No, clearly, distinctly, positively rings out God's command: "Search the Scriptures." He bids us do it. He points to each and every one of us, as if to say, "Thou do it." Does it not lie in the very nature of the Book? For whom did He cause it to be written? For the clergy, that the ministers might have some texts to preach on? No more so than He gave the Ten Commandments only to the clergy. They are the universal possession, they are for all the laity as well as the clergy. And to whom, as you examine the Inspired Volume, are most of its contents directed? There are the fourteen letters, or epistles, of St. Paul. A few of them, like those to Timothy and Titus, are addressed to a clergyman, but the greater majority are addressed to the congregations at Rome, at Ephesus, at Philippi, at Thessalonica, and so forth, to the members accordingly. Moreover, the direction in many places is, that the hearers should examine what the preachers say, lest they preach something contrary to the Scriptures. How could the hearers do this if they were prohibited from reading the Bible? Away, then, with this opinion that is gaining ground, that the Bible is a professional clergyman's text-book, and let the personal application strike home in your own case, Thou shalt search the Scriptures.
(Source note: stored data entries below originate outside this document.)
lemma increments_agree_along_geodesic:
  assumes agree: "\<And>g. wlen g \<le> n0 + r0 \<Longrightarrow> wlen (x * g) + wlen x' = wlen (x' * g) + wlen x"
  shows "wlen (x * u) = wlen x + wlen u \<Longrightarrow> wlen v \<le> r0 \<Longrightarrow>
    wlen (x * u * v) + wlen x' = wlen (x' * u * v) + wlen x"
proof (induction "wlen u" arbitrary: u v rule: less_induct)
  case less
  show ?case
  proof (cases "wlen u < n0")
    case True
    then have "wlen (u * v) \<le> n0 + r0"
      using wlen_mult_le[of u v] less.prems(2) by linarith
    then show ?thesis
      using agree by (simp add: mult.assoc)
  next
    case False
    obtain w where w: "set w \<subseteq> A" "length w = wlen u" "u = prod_list w"
      using obtain_geodesic_word[of 1 u] by (auto simp: wlen_def)
    have geo: "wlen (x * prod_list w) = wlen x + length w"
      using less.prems(1) w by simp
    have prefix_agree: "wlen (x * prod_list (take t w) * y) + wlen x'
        = wlen (x' * prod_list (take t w) * y) + wlen x"
      if "t < length w" "wlen y \<le> r0" for t y
      using less.hyps[of "prod_list (take t w)" y] wlen_take_geodesic[OF w(1) geo, of t] that w(2)
      by simp
    have "w \<noteq> []"
      using False w(2) by (auto simp: n0_def)
    then have "prod_list w = prod_list (butlast w @ [last w])"
      by simp
    then have split_last: "u = prod_list (take (length w - 1) w) * last w"
      using w(3) by (simp add: butlast_conv_take)
    have "wlen (last w) \<le> r0"
      using wlen_prod_list_le[of "[last w]"] w(1) last_in_set[OF \<open>w \<noteq> []\<close>] by (auto simp: r0_def)
    then have "wlen (x * u) + wlen x' = wlen (x' * u) + wlen x"
      using prefix_agree[of "length w - 1" "last w"] \<open>w \<noteq> []\<close> split_last by (simp add: mult.assoc)
    then have geo': "wlen (x' * prod_list w) = wlen x' + length w"
      using geo w(3) by simp
    have "wlen (x' * prod_list w * v) + wlen x \<le> wlen (x * prod_list w * v) + wlen x'"
      using w(1) geo _ less.prems(2) prefix_agree
      by (rule increment_le_if_prefix_increments_agree) (use False w(2) in simp)
    moreover have "wlen (x * prod_list w * v) + wlen x' \<le> wlen (x' * prod_list w * v) + wlen x"
      using w(1) geo' _ less.prems(2)
      by (rule increment_le_if_prefix_increments_agree) (use False w(2) prefix_agree in simp_all)
    ultimately show ?thesis
      using w(3) by simp
  qed
qed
And one other reason does God furnish us in the text why we should read it. He says, "For in them ye think ye have eternal life; and they are they which testify of me." Those are deep, wonderful words; they tell what Bible reading benefits, brings us, viz., eternal life. That this present life is not all there is to life, that there is a life besides and after this, that all men in all ages and in all countries have conjectured; that life is dependent upon a right relation to God, this, too, an inward monitor, called conscience, however unwelcome may be its voice, tells every one with greater or less distinctness; but how man is to get into right relations with his God, to that problem one book, the Bible, and it alone, holds the key. What is that key? The text says it: "Search the Scriptures; for in them ye think we have eternal life, and they are they which testify of me." "Me," is the speaker, Jesus Christ, and doing what the text directs, we find that everywhere does it link "life" with Christ. "I," says Jesus, "am the Way, and the Truth, and the Life." "I am the Resurrection and the Life." "I am come that ye might have life." The writings of the Apostles are full of the same thought: "In Him was life." "He that hath the Son hath life." "He that believeth not the Son shall not see life." "This is life eternal to know Thee, the only true God, and Jesus Christ, whom Thou hast sent."